Care must be taken to determine the composition of training and testing sets. First, they should be mutually exclusive, so that a specific fact does not represent both subsets. Thus, if two facts have the same input and output values, one of these facts should be removed from the fact set before it is separated into subsets. For these reasons, tools that automatically split the fact set may not be very helpful.

For instance, in an 80/20 split, automatic data separation tools may place every fifth fact into the test set. If the facts are in chronological order before the split, all data representing one day of the week, such as a Monday or a Friday, could be assigned to the test set, while the rest of the data representing the remaining trading days would be assigned to the training set. Since doing this would adversely affect the network’s performance, the facts should be carefully arranged before splitting them into subsets.

The fact set can be split in such a way that the training and testing subsets will have similar distributions, relative to certain important characteristics such as cyclical movements. Statistical analysis or clustering algorithms can be used for this purpose. A careful analysis of the fact set also allows outliers to be identified and eliminated.

The training process requires a separate training fact set. The first task performed during training is to initialise the weights. Weights change during the training phase, as the network adapts its internal representation to model a financial market. Initially, relatively small random weights are used in the network. Since initial weights can affect the performance of networks, training can also be done with specific sets of initial weights. Changing the weights at each stage is done to reduce output errors. Neural network training is represented in Figure 16.11. When the actual is lesser than the desired, the weights (A, B, C, D) are changed so that the actual exceeds and finally comes near the desired output.

The learning process is based on error information propagated backward throughout the network from the output layer. One cycle of presenting all facts to the network is commonly referred to as an epoch. With each change in the weights, the network takes a step on a multidimensional surface, which is a representation of the overall error space. During training the network searches is this multidimensional surface to find the lowest point, or minimum error. Weight changes are proportional to a training parameter called the learning rate.

Figure 16.11 Neural network training

Initially a learning rate should be selected, which does not result in oscillation. A simple example of oscillation, is that a network’s current weight place it halfway down a valley on a two dimensional error surface, as depicted in Figure 16.12. If the learning rate is too large, the network’s next step may place it on the other side of the valley, as opposed to moving it closer toward the bottom. The following step may return it to the original side. Due to this oscillation, the network tends to bounce back and forth from one side of the valley to the other without moving towards the bottom where the minimum error is found.

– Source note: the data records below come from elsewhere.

lemma nn_integral_lborel_scaleR:
  fixes \<phi> :: "'a::euclidean_space \<Rightarrow> ennreal"
  assumes [measurable]: "\<phi> \<in> borel_measurable borel" and "c > 0"
  shows "(\<integral>\<^sup>+x. \<phi> ((1 / c) *\<^sub>R x) \<partial>lborel) = ennreal (c ^ DIM('a)) * (\<integral>\<^sup>+x. \<phi> x \<partial>lborel)"
proof -
  have lborel_eq: "(lborel::'a measure) = density (distr lborel borel (\<lambda>x. 0 + c *\<^sub>R x)) (\<lambda>_. \<bar>c\<bar> ^ DIM('a))"
    by (rule lborel_affine) (use \<open>c > 0\<close> in simp)
  have "(\<integral>\<^sup>+x. \<phi> ((1 / c) *\<^sub>R x) \<partial>lborel)
      = (\<integral>\<^sup>+x. ennreal (\<bar>c\<bar> ^ DIM('a)) * \<phi> ((1 / c) *\<^sub>R (0 + c *\<^sub>R x)) \<partial>lborel)"
    by (subst (1) lborel_eq) (simp add: nn_integral_density nn_integral_distr)
  also have "\<dots> = (\<integral>\<^sup>+x. ennreal (c ^ DIM('a)) * \<phi> x \<partial>lborel)"
    using \<open>c > 0\<close> by simp
  finally show ?thesis by (simp add: nn_integral_cmult)
qed

lemma nn_integral_lborel_scaleR_shift:
  fixes G :: "'a::euclidean_space \<times> real \<Rightarrow> ennreal"
  assumes [measurable]: "G \<in> borel_measurable borel" and "c > 0"
  shows "(\<integral>\<^sup>+w. G ((1 / c) *\<^sub>R fst w, snd w + b) \<partial>lborel)
    = ennreal (c ^ DIM('a)) * (\<integral>\<^sup>+w. G w \<partial>lborel)"
proof -
  have [measurable]: "G \<in> borel_measurable (lborel \<Otimes>\<^sub>M lborel)"
    by (simp add: lborel_prod)
  define \<phi> where "\<phi> x = (\<integral>\<^sup>+t. G (x, t) \<partial>lborel)" for x
  have [measurable]: "\<phi> \<in> borel_measurable borel"
    unfolding \<phi>_def using lborel.borel_measurable_nn_integral_fst[of G] by simp
  have "(\<integral>\<^sup>+w. G ((1 / c) *\<^sub>R fst w, snd w + b) \<partial>lborel)
      = (\<integral>\<^sup>+w. G ((1 / c) *\<^sub>R fst w, snd w + b) \<partial>(lborel \<Otimes>\<^sub>M lborel))"
    by (simp add: lborel_prod)
  also have "\<dots> = (\<integral>\<^sup>+x. \<integral>\<^sup>+t. G ((1 / c) *\<^sub>R x, t + b) \<partial>lborel \<partial>lborel)"
    by (subst lborel.nn_integral_fst[symmetric]) simp_all
  also have "\<dots> = (\<integral>\<^sup>+x. \<phi> ((1 / c) *\<^sub>R x) \<partial>lborel)"
    unfolding \<phi>_def
    using nn_integral_real_affine[of "\<lambda>t. G (_, t)" 1 b] by (simp add: add.commute)
  also have "\<dots> = ennreal (c ^ DIM('a)) * (\<integral>\<^sup>+x. \<phi> x \<partial>lborel)"
    by (rule nn_integral_lborel_scaleR) (simp_all add: \<open>c > 0\<close>)
  also have "(\<integral>\<^sup>+x. \<phi> x \<partial>lborel) = (\<integral>\<^sup>+w. G w \<partial>lborel)"
    unfolding \<phi>_def by (simp add: lborel_prod lborel.nn_integral_fst)
  finally show ?thesis .
qed

lemma shrink_shift_mem_scaled_epigraph_of_infdist:
  fixes K :: "'a::euclidean_space set"
  assumes "K \<noteq> {}" and "closed K" and "convex K"
    and "cball 0 1 \<subseteq> K" and "K \<subseteq> cball 0 R"
    and "L-lipschitz_on K f" and "a > 0"
    and "infdist w (scaled_epigraph K f a) \<le> s"
  shows "((1 / (1 + s)) *\<^sub>R fst w, snd w + (sqrt (a\<^sup>2 + L\<^sup>2) + L * R) * s / a) \<in> scaled_epigraph K f a"
proof -
  obtain x0 where "x0 \<in> K" using assms(1) by blast
  then have "(x0, f x0 / a) \<in> scaled_epigraph K f a"
    using \<open>a > 0\<close> by (simp add: scaled_epigraph_def)
  then have nonempty: "scaled_epigraph K f a \<noteq> {}" by blast
  have closed: "closed (scaled_epigraph K f a)"
    by (rule closed_scaled_epigraph[OF assms(2) lipschitz_on_continuous_on[OF assms(6)]])
  obtain q where "q \<in> scaled_epigraph K f a" and "infdist w (scaled_epigraph K f a) = dist w q"
    by (rule infdist_attains_inf[OF closed nonempty])
  moreover obtain y \<sigma> where "q = (y, \<sigma>)" by (cases q)
  ultimately show ?thesis
    using shrink_shift_mem_scaled_epigraph[OF assms(3-7), of y \<sigma> "fst w" "snd w" s] assms(8) by simp
qed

On the other hand, if the learning rate is too small, implying that the steps the network takes are very small, it could take could take a long time to reach the solution.

Figure 16.12 Learning rate (through reduction in oscillation)

Since each financial forecast has its own unique error surface, it is necessary to vary the learning rate to find the best balance between training time and overall error reduction.

Neural network training can be accomplished using different methods. Simulated annealing is one of them.

This method simulates the annealing process by including a step process that directly affects the learning rate. The step begins relatively high. This allows the network to move quickly over the error surface. The step then decreases as training progresses. Learning slows down and the network identifies a near optimum solution. The use of simulated annealing also reduces the likelihood of oscillation. Figure 16.13 depicts a two-dimensional example of simulated annealing, in which the step size is reduced to avoid oscillation while finding a minimum point on the error surface.

In network training, one of the major pitfalls that must be avoided is over training. This is similar to the problem of over optimising rule based trading systems. Over training occurs when a network has learned not just the basic mapping associated with the input and output data presented to it, but also the subtle changes and even the errors specific to the training set (See Figure 16.14 and Figure 16.15). An overtrained network performs very well on the training set by simply memorising it, but performs poorly on out-of-sample test data and subsequently during actual trading since the network is unable to generalise to the new data.

Over training can be avoided using automated training/testing routine in which testing is an integral part of the training process, rather than a procedure that is performed after training is complete. Here, network training is halted periodically at predetermined intervals. The network then operates in recall mode on the test set to evaluate the network’s performance on selected error criteria. Thereafter, training is resumed from the point at which it was halted. This alternating process continues iteratively, with interim results that meet the error criteria being retained for later analysis. When the performance on the test set starts to show higher error levels, it can be assumed that the network is beginning to over train. The best saved network configurations up to this point will then be used as the network model.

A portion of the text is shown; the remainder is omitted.